Mishriff 'Felt Super' In Early Morning Work


Mishriff | PA Media

Jockey James Doyle, who picked up the ride on Mishriff (Ire) (Make Believe {GB}) for the G1 King George VI And Queen Elizabeth S. on Saturday, was pleased with the 5-year-old, after a spin on the Al Bahathri at Newmarket early on Wednesday morning.

“It was an early start, but he felt fantastic,” Doyle told Sky Sports Racing. “I jumped on him at 5:10 a.m. and he did a nice blow up the Al Bahathri, a gallop he knows well, and he felt in good order. There was no questions asked, but I have to say he felt super and moved great.

“It's very exciting–what a race. It's a small but select field, but there's not one runner in the race that doesn't deserve to be there.”

The ride on the globetrotting Group 1 winner became available when owner Prince Faisal announced that David Egan was no longer his retained rider. Mishriff, who just missed when second to Vadeni (Fr) (Churchill {Ire}) in the G1 Coral-Eclipse S. at Sandown on July 2, ran second in last year's King George. He faces G1 Irish Derby hero Westover (GB) (Frankel {GB}) among others on Saturday.

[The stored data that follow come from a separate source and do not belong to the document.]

lemma Bessel_inequality_finite:
  assumes "l2_orthonormal v" "finite A" "b \<in> l2"
  shows "(\<Sum>k\<in>A. (cmod (l2_inner b (v k)))\<^sup>2) \<le> Re (l2_inner b b)"
proof -
  define c where "c k = l2_inner b (v k)" for k
  define w where "w n = (\<Sum>k\<in>A. c k * v k n)" for n
  define S where "S = (\<Sum>k\<in>A. (cmod (c k))\<^sup>2)"
  have w: "w \<in> l2"
    unfolding w_def using assms by (intro l2_orthonormal_comb_l2)
  have ww: "l2_inner w w = of_real S"
    unfolding w_def S_def using l2_inner_orthonormal_comb_self[OF assms(1,2)] by simp
  have "l2_inner b w = (\<Sum>k\<in>A. c k * cnj (c k))"
    unfolding w_def using assms
    by (simp add: l2_inner_orthonormal_comb_right c_def[symmetric] mult.commute)
  also have "\<dots> = of_real S"
    unfolding S_def by (simp only: of_real_sum complex_norm_square)
  finally have bw: "l2_inner b w = of_real S" .
  have "0 \<le> Re (l2_inner (\<lambda>n. b n - w n) (\<lambda>n. b n - w n))"
    using l2_inner_self_nonneg[OF l2_diff[OF assms(3) w]] .
  also have "l2_inner (\<lambda>n. b n - w n) (\<lambda>n. b n - w n) = l2_inner b b - of_real S"
    using assms(3) w l2_inner_commute[OF assms(3) w]
    by (simp add: l2_inner_diff_left l2_inner_diff_right l2_diff ww bw)
  finally show ?thesis
    unfolding S_def c_def by simp
qed

lemma Bessel_inequality:
  assumes "l2_orthonormal v" "b \<in> l2"
  shows "summable (\<lambda>k. (cmod (l2_inner b (v k)))\<^sup>2)"
    and "(\<Sum>k. (cmod (l2_inner b (v k)))\<^sup>2) \<le> Re (l2_inner b b)"
proof -
  have partial: "(\<Sum>k<n. (cmod (l2_inner b (v k)))\<^sup>2) \<le> Re (l2_inner b b)" for n
    using Bessel_inequality_finite[OF assms(1) _ assms(2)] by simp
  show "summable (\<lambda>k. (cmod (l2_inner b (v k)))\<^sup>2)"
    by (rule summableI_nonneg_bounded[OF _ partial]) simp
  then show "(\<Sum>k. (cmod (l2_inner b (v k)))\<^sup>2) \<le> Re (l2_inner b b)"
    using partial by (rule suminf_le_const)
qed

lemma l2_orthonormal_weakly_null:
  assumes "l2_orthonormal v" "b \<in> l2"
  shows "(\<lambda>k. l2_inner (v k) b) \<longlonglongrightarrow> 0"
proof -
  have "(\<lambda>k. (cmod (l2_inner b (v k)))\<^sup>2) \<longlonglongrightarrow> 0"
    using Bessel_inequality(1)[OF assms] by (rule summable_LIMSEQ_zero)
  then have "(\<lambda>k. sqrt ((cmod (l2_inner b (v k)))\<^sup>2)) \<longlonglongrightarrow> sqrt 0"
    by (rule tendsto_real_sqrt)
  then have "(\<lambda>k. cmod (l2_inner (v k) b)) \<longlonglongrightarrow> 0"
    using l2_inner_commute[OF assms(2) l2_orthonormal_l2[OF assms(1)]] by simp
  then show ?thesis
    by (rule tendsto_norm_zero_cancel)
qed

definition unit_vector :: "nat \<Rightarrow> nat \<Rightarrow> complex" where
  "unit_vector n = (\<lambda>m. if m = n then 1 else 0)"

lemma unit_vector_l2: "unit_vector n \<in> l2"
proof -
  have "(\<lambda>m. (cmod (unit_vector n m))\<^sup>2) = (\<lambda>m. if m = n then 1 else 0)"
    by (auto simp: unit_vector_def)
  then show ?thesis
    unfolding l2_def using sums_summable[OF sums_single[of n "\<lambda>_. 1::real"]] by simp
qed

lemma l2_inner_unit_vector: "l2_inner (unit_vector n) v = cnj (v n)"
proof -
  have "(\<lambda>m. unit_vector n m * cnj (v m)) = (\<lambda>m. if m = n then cnj (v m) else 0)"
    by (auto simp: unit_vector_def)
  then show ?thesis
    unfolding l2_inner_def using sums_unique[OF sums_single[of n "\<lambda>m. cnj (v m)"]] by simp
qed

lemma l2_orthonormal_coordinate_summable:
  assumes "l2_orthonormal v"
  shows "summable (\<lambda>k. (cmod (v k n))\<^sup>2)"
  using Bessel_inequality(1)[OF assms unit_vector_l2[of n]] by (simp add: l2_inner_unit_vector)

section \<open>Expansion in an orthonormal basis\<close>

lemma sum_atLeastLessThan_le_suminf_diff:
  fixes f :: "nat \<Rightarrow> real"
  assumes "summable f" "\<And>k. 0 \<le> f k" "N \<le> M"
  shows "(\<Sum>k\<in>{N..<M}. f k) \<le> suminf f - (\<Sum>k<N. f k)"
proof -
  have "(\<Sum>k<N. f k) + (\<Sum>k\<in>{N..<M}. f k) = (\<Sum>k<M. f k)"
    using assms(3) by (simp add: lessThan_atLeast0 sum.atLeastLessThan_concat)
  moreover have "(\<Sum>k<M. f k) \<le> suminf f"
    using assms by (intro sum_le_suminf) auto
  ultimately show ?thesis by simp
qed

lemma suminf_minus_partial_sum_tendsto_zero:
  fixes f :: "nat \<Rightarrow> real"
  assumes "summable f"
  shows "(\<lambda>N. suminf f - (\<Sum>k<N. f k)) \<longlonglongrightarrow> 0"
  using tendsto_diff[OF tendsto_const summable_LIMSEQ[OF assms], of "suminf f"] by simp

lemma l2_orthonormal_series_remainder:
  fixes c :: "nat \<Rightarrow> complex" and L :: nat
  assumes v: "l2_orthonormal v" and c: "summable (\<lambda>k. (cmod (c k))\<^sup>2)"
  defines "r \<equiv> \<lambda>n. (\<Sum>k. c k * v k n) - (\<Sum>k<L. c k * v k n)"
  shows "r \<in> l2"
    and "Re (l2_inner r r) \<le> (\<Sum>k. (cmod (c k))\<^sup>2) - (\<Sum>k<L. (cmod (c k))\<^sup>2)"
proof -
  define f where "f M n = (\<Sum>k<M. c k * v k n) - (\<Sum>k<L. c k * v k n)" for M n
  have "summable (\<lambda>k. c k * v k n)" for n
    using summable_norm_mult_if_square_summable[OF c l2_orthonormal_coordinate_summable[OF v]]
    by (rule summable_norm_cancel)
  then have lim: "(\<lambda>M. f M n) \<longlonglongrightarrow> r n" for n
    unfolding f_def r_def by (intro tendsto_diff tendsto_const summable_LIMSEQ)
  have "f M \<in> l2 \<and> (\<Sum>n. (cmod (f M n))\<^sup>2) \<le> (\<Sum>k. (cmod (c k))\<^sup>2) - (\<Sum>k<L. (cmod (c k))\<^sup>2)"
    if "L \<le> M" for M
  proof -
    have block: "f M = (\<lambda>n. \<Sum>k\<in>{L..<M}. c k * v k n)"
      unfolding f_def using that by (simp add: lessThan_atLeast0 sum_diff_nat_ivl)
    have "(\<Sum>n. (cmod (f M n))\<^sup>2) = (\<Sum>k\<in>{L..<M}. (cmod (c k))\<^sup>2)"
      using Re_l2_inner_self[OF l2_orthonormal_comb_l2[OF v]]
        l2_inner_orthonormal_comb_self[OF v] by (simp add: block)
    also have "\<dots> \<le> (\<Sum>k. (cmod (c k))\<^sup>2) - (\<Sum>k<L. (cmod (c k))\<^sup>2)"
      using c that by (intro sum_atLeastLessThan_le_suminf_diff) auto
    finally show ?thesis
      using l2_orthonormal_comb_l2[OF v] by (simp add: block)
  qed
  then have "\<forall>\<^sub>F M in sequentially.
      f M \<in> l2 \<and> (\<Sum>n. (cmod (f M n))\<^sup>2) \<le> (\<Sum>k. (cmod (c k))\<^sup>2) - (\<Sum>k<L. (cmod (c k))\<^sup>2)"
    unfolding eventually_sequentially by blast
  from l2_pointwise_limit[OF lim this]
  show "r \<in> l2" "Re (l2_inner r r) \<le> (\<Sum>k. (cmod (c k))\<^sup>2) - (\<Sum>k<L. (cmod (c k))\<^sup>2)"
    by (simp_all add: Re_l2_inner_self)
qed

lemma l2_orthonormal_series_l2:
  assumes "l2_orthonormal v" "summable (\<lambda>k. (cmod (c k))\<^sup>2)"
  shows "(\<lambda>n. \<Sum>k. c k * v k n) \<in> l2"
  using l2_orthonormal_series_remainder(1)[OF assms, of 0] by simp

lemma l2_inner_orthonormal_series_basis:
  assumes v: "l2_orthonormal v" and c: "summable (\<lambda>k. (cmod (c k))\<^sup>2)"
  shows "l2_inner (\<lambda>n. \<Sum>k. c k * v k n) (v j) = c j"
proof -
  define y where "y n = (\<Sum>k. c k * v k n)" for n
  define tail where "tail L = (\<Sum>k. (cmod (c k))\<^sup>2) - (\<Sum>k<L. (cmod (c k))\<^sup>2)" for L
  have "(cmod (l2_inner y (v j) - c j))\<^sup>2 \<le> tail L" if "j < L" for L
  proof -
    define s where "s n = (\<Sum>k<L. c k * v k n)" for n
    define r where "r n = y n - s n" for n
    have r: "r \<in> l2" "Re (l2_inner r r) \<le> tail L"
      using l2_orthonormal_series_remainder[OF v c, of L]
      unfolding r_def y_def s_def tail_def by simp_all
    have s: "s \<in> l2" "l2_inner s (v j) = c j"
      unfolding s_def using l2_orthonormal_comb_l2[OF v] l2_inner_orthonormal_comb_basis[OF v] that
      by auto
    have "y = (\<lambda>n. r n + s n)"
      unfolding r_def by simp
    then have "l2_inner y (v j) - c j = l2_inner r (v j)"
      using l2_inner_add_left[OF r(1) s(1) l2_orthonormal_l2[OF v]] s(2) by simp
    moreover have "(cmod (l2_inner r (v j)))\<^sup>2 \<le> Re (l2_inner r r)"
      using l2_Cauchy_Schwarz[OF r(1) l2_orthonormal_l2[OF v]]
        l2_orthonormal_inner_self[OF v] by simp
    ultimately show ?thesis
      using r(2) by simp
  qed
  then have "(cmod (l2_inner y (v j) - c j))\<^sup>2 \<le> 0"
    using suminf_minus_partial_sum_tendsto_zero[OF c] unfolding tail_def[symmetric]
    by (intro LIMSEQ_le_const) (auto intro!: exI[of _ "Suc j"])
  then show ?thesis
    unfolding y_def by simp
qed
(* Let $d\ge 1$, $0<a<1/d$, and let $K:\mathbb{R}^d\to\mathbb{R}$ be bounded and integrable with $\int_{\mathbb{R}^d}K(z)\,dz=1$ and $K(z)\to 0$ as $\|z\|\to\infty$. Define $$\psi(u)=\int_{[0,1]\times\mathbb{R}^d}s^{-ad}\Big(e^{s^{ad}\frac{u}{1-ad}K(z)}-1\Big)\,ds\,dz,\qquad I(t)=\sup_{u\in\mathbb{R}}\{ut-\psi(u)\},$$ and $S_+=\{x: K(x)>0\}$, $S_-=\{x:K(x)<0\}$. Let $\lambda$ be Lebesgue measure on $\mathbb{R}^d$. Then: (i) $\psi$ is finite, strictly convex and twice continuously differentiable on $\mathbb{R}$, and $I$ is a good rate function on $\mathbb{R}$ (i.e. $I:\mathbb{R}\to[0,\infty]$ has compact level sets). (ii) If $\lambda(S_-)=0$, then $I(t)=+\infty$ for $t<0$, $I(0)=\lambda(S_+)/(1-ad)$, $I$ is strictly convex on $\mathbb{R}$ and continuous on $]0,+\infty[$, and for every $t>0$, $I(t)=t(\psi')^{-1}(t)-\psi\big((\psi')^{-1}(t)\big)$. (iii) If $\lambda(S_-)>0$, then $I$ is finite and strictly convex on $\mathbb{R}$ and $I(t)=t(\psi')^{-1}(t)-\psi\big((\psi')^{-1}(t)\big)$ for every $t\in\mathbb{R}$. (iv) In both cases, $I(1/(1-ad))=0$ and $1/(1-ad)$ is the unique (strict) minimizer of $I$.
   Context: $\psi'$ and $(\psi')^{-1}$ denote the derivative of $\psi$ and the inverse function of $\psi'$ on its range. *)

theory Defs
  imports "HOL-Analysis.Analysis"
begin

definition strict_convex_on :: "real set \<Rightarrow> (real \<Rightarrow> real) \<Rightarrow> bool" where
  "strict_convex_on S f \<longleftrightarrow>
     (\<forall>x\<in>S. \<forall>y\<in>S. \<forall>\<theta>::real. x \<noteq> y \<and> 0 < \<theta> \<and> \<theta> < 1 \<longrightarrow>
        f (\<theta> * x + (1 - \<theta>) * y) < \<theta> * f x + (1 - \<theta>) * f y)"

definition ereal_strict_convex :: "(real \<Rightarrow> ereal) \<Rightarrow> bool" where
  "ereal_strict_convex f \<longleftrightarrow>
     (\<forall>x y \<theta>::real. f x < \<infinity> \<and> f y < \<infinity> \<and> x \<noteq> y \<and> 0 < \<theta> \<and> \<theta> < 1 \<longrightarrow>
        f (\<theta> * x + (1 - \<theta>) * y) < ereal \<theta> * f x + ereal (1 - \<theta>) * f y)"

definition psi_integrand :: "real \<Rightarrow> ('a::euclidean_space \<Rightarrow> real) \<Rightarrow> real \<Rightarrow> real \<times> 'a \<Rightarrow> real" where
  "psi_integrand a K u = (\<lambda>(s, z). s powr (- (a * real DIM('a))) *
      (exp (s powr (a * real DIM('a)) * (u / (1 - a * real DIM('a))) * K z) - 1))"

definition psi :: "real \<Rightarrow> ('a::euclidean_space \<Rightarrow> real) \<Rightarrow> real \<Rightarrow> real" where
  "psi a K u = (LINT p:({0..1} \<times> UNIV)|(lborel \<Otimes>\<^sub>M (lborel :: 'a measure)). psi_integrand a K u p)"

definition rate :: "real \<Rightarrow> ('a::euclidean_space \<Rightarrow> real) \<Rightarrow> real \<Rightarrow> ereal" where
  "rate a K t = (SUP u\<in>UNIV. ereal (u * t - psi a K u))"

end

(* With p = (s, z), psi u is the integral of A p * (exp (u * B p) - 1), where A = s powr (-ad) and
   B = s powr (ad) * K z / (1 - ad) for 0 < s <= 1. Since B is bounded and A * B is integrable, one
   may differentiate under the integral sign: psi is C^2 with psi'' u = int A B^2 exp (u B) > 0,
   psi 0 = 0 and psi' 0 = int A B = 1 / (1 - ad).
   The rate function I is the Legendre transform of psi, so its properties are governed by the range
   of psi': on that range I t = t u - psi u with psi' u = t, I is strictly convex as soon as the range
   contains every segment between points where I is finite, and psi' 0 is the unique zero of I.
   If K < 0 on a set of positive measure, psi'' is bounded below on both half-lines and psi' is onto.
   If K >= 0 a.e., psi' > 0 tends to 0 at -infinity by dominated convergence, so its range is
   ]0, infinity[; moreover psi <= 0 on ]-infinity, 0], whence I = infinity on ]-infinity, 0[, and
   I 0 = lim (-psi u) as u -> -infinity, which monotone convergence evaluates to
   lambda(S+) / (1 - ad). *)

theory Submission
  imports Defs
begin

lemma abs_exp_minus_one_le: "\<bar>exp x - 1\<bar> \<le> \<bar>x\<bar> * exp \<bar>x\<bar>" for x :: real
proof -
  have "\<exists>t. \<bar>t\<bar> \<le> \<bar>x\<bar> \<and> exp x = 1 + exp t * x"
    using Maclaurin_exp_le[of x 1] by simp
  then obtain t where "\<bar>t\<bar> \<le> \<bar>x\<bar>" and "exp x - 1 = exp t * x"
    by auto
  then show ?thesis
    by (simp add: abs_mult mult.commute mult_left_mono)
qed

lemma abs_exp_minus_one_minus_le: "\<bar>exp x - 1 - x\<bar> \<le> x\<^sup>2 * exp \<bar>x\<bar>" for x :: real
proof -
  have "\<exists>t. \<bar>t\<bar> \<le> \<bar>x\<bar> \<and> exp x = 1 + x + exp t / 2 * x\<^sup>2"
    using Maclaurin_exp_le[of x 2] by (simp add: numeral_2_eq_2 power2_eq_square)
  then obtain t where "\<bar>t\<bar> \<le> \<bar>x\<bar>" and remainder: "exp x - 1 - x = exp t / 2 * x\<^sup>2"
    by auto
  then have "exp t / 2 \<le> exp \<bar>x\<bar>"
    using exp_gt_zero[of t] exp_le_cancel_iff[of t "\<bar>x\<bar>"] by linarith
  then have "exp t / 2 * x\<^sup>2 \<le> exp \<bar>x\<bar> * x\<^sup>2"
    by (rule mult_right_mono) simp
  then show ?thesis
    unfolding remainder by (simp add: mult.commute)
qed

lemma exp_mult_le: "\<bar>y\<bar> \<le> b \<Longrightarrow> exp (u * y) \<le> exp (\<bar>u\<bar> * b)" for u y b :: real
  using abs_ge_self[of "u * y"] abs_mult[of u y] mult_left_mono[of "\<bar>y\<bar>" b "\<bar>u\<bar>"] by simp

lemma exp_neg_mult_tendsto_0: "0 < y \<Longrightarrow> (\<lambda>n. exp (- real n * y)) \<longlonglongrightarrow> 0"
  using LIMSEQ_power_zero[of "exp (- y)"] by (simp add: exp_of_nat_mult[symmetric] mult_ac)

lemma abs_exp_increment_le:
  fixes u h y b :: real
  assumes y: "\<bar>y\<bar> \<le> b" and h: "\<bar>h\<bar> \<le> 1"
  shows "\<bar>exp ((u + h) * y) - exp (u * y) - h * y * exp (u * y)\<bar>
           \<le> h\<^sup>2 * \<bar>y\<bar> * (b * exp ((\<bar>u\<bar> + 1) * b))"
proof -
  have "\<bar>h * y\<bar> \<le> b"
    using mult_mono[OF h y] by (simp add: abs_mult)
  then have "(h * y)\<^sup>2 * exp \<bar>h * y\<bar> \<le> (h * y)\<^sup>2 * exp b"
    by (intro mult_left_mono) auto
  then have taylor: "\<bar>exp (h * y) - 1 - h * y\<bar> \<le> (h * y)\<^sup>2 * exp b"
    using abs_exp_minus_one_minus_le[of "h * y"] by linarith
  have "exp ((u + h) * y) - exp (u * y) - h * y * exp (u * y) = exp (u * y) * (exp (h * y) - 1 - h * y)"
    by (simp add: distrib_right exp_add algebra_simps)
  then have "\<bar>exp ((u + h) * y) - exp (u * y) - h * y * exp (u * y)\<bar>
      = exp (u * y) * \<bar>exp (h * y) - 1 - h * y\<bar>"
    by (simp add: abs_mult)
  also have "\<dots> \<le> exp (\<bar>u\<bar> * b) * ((h * y)\<^sup>2 * exp b)"
    using exp_mult_le[OF y] taylor by (intro mult_mono) auto
  also have "\<dots> = h\<^sup>2 * \<bar>y\<bar> * (\<bar>y\<bar> * exp ((\<bar>u\<bar> + 1) * b))"
    by (simp add: power2_eq_square distrib_right exp_add)
  also have "\<dots> \<le> h\<^sup>2 * \<bar>y\<bar> * (b * exp ((\<bar>u\<bar> + 1) * b))"
    using y by (intro mult_left_mono mult_right_mono) auto
  finally show ?thesis .
qed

“The prospect of him being more tuned up for the King George is quite exciting and the mile and a half doesn't seem to be a problem,” added Doyle of the John and Thady Gosden runner. “He's a horse that really wears his heart on his sleeve late on a race. He has that superb way of galloping where he really does get his head low. I wish every horse tried as hard as he does.”

Egan had partnered Mishriff to some of his greatest wins, including the inaugural $20-million Saudi Cup, the G1 Dubai Sheema Classic, and his victory in the 2021 G1 Juddmonte International S.

Doyle added, “I haven't had chance to speak to David yet, but I will do. Obviously I feel terribly sorry for David, it's never nice, but I heard him say he's not the first person to be jocked off a horse and he won't be the last. I think that's the right way to look at it, these things happen and how you deal with these events kind of defines you as a person.

“He's dealt with it like a grown up man and we mustn't forget he's still a young man in this sport, so he's still learning his trade and full credit to the way he's coped with everything.”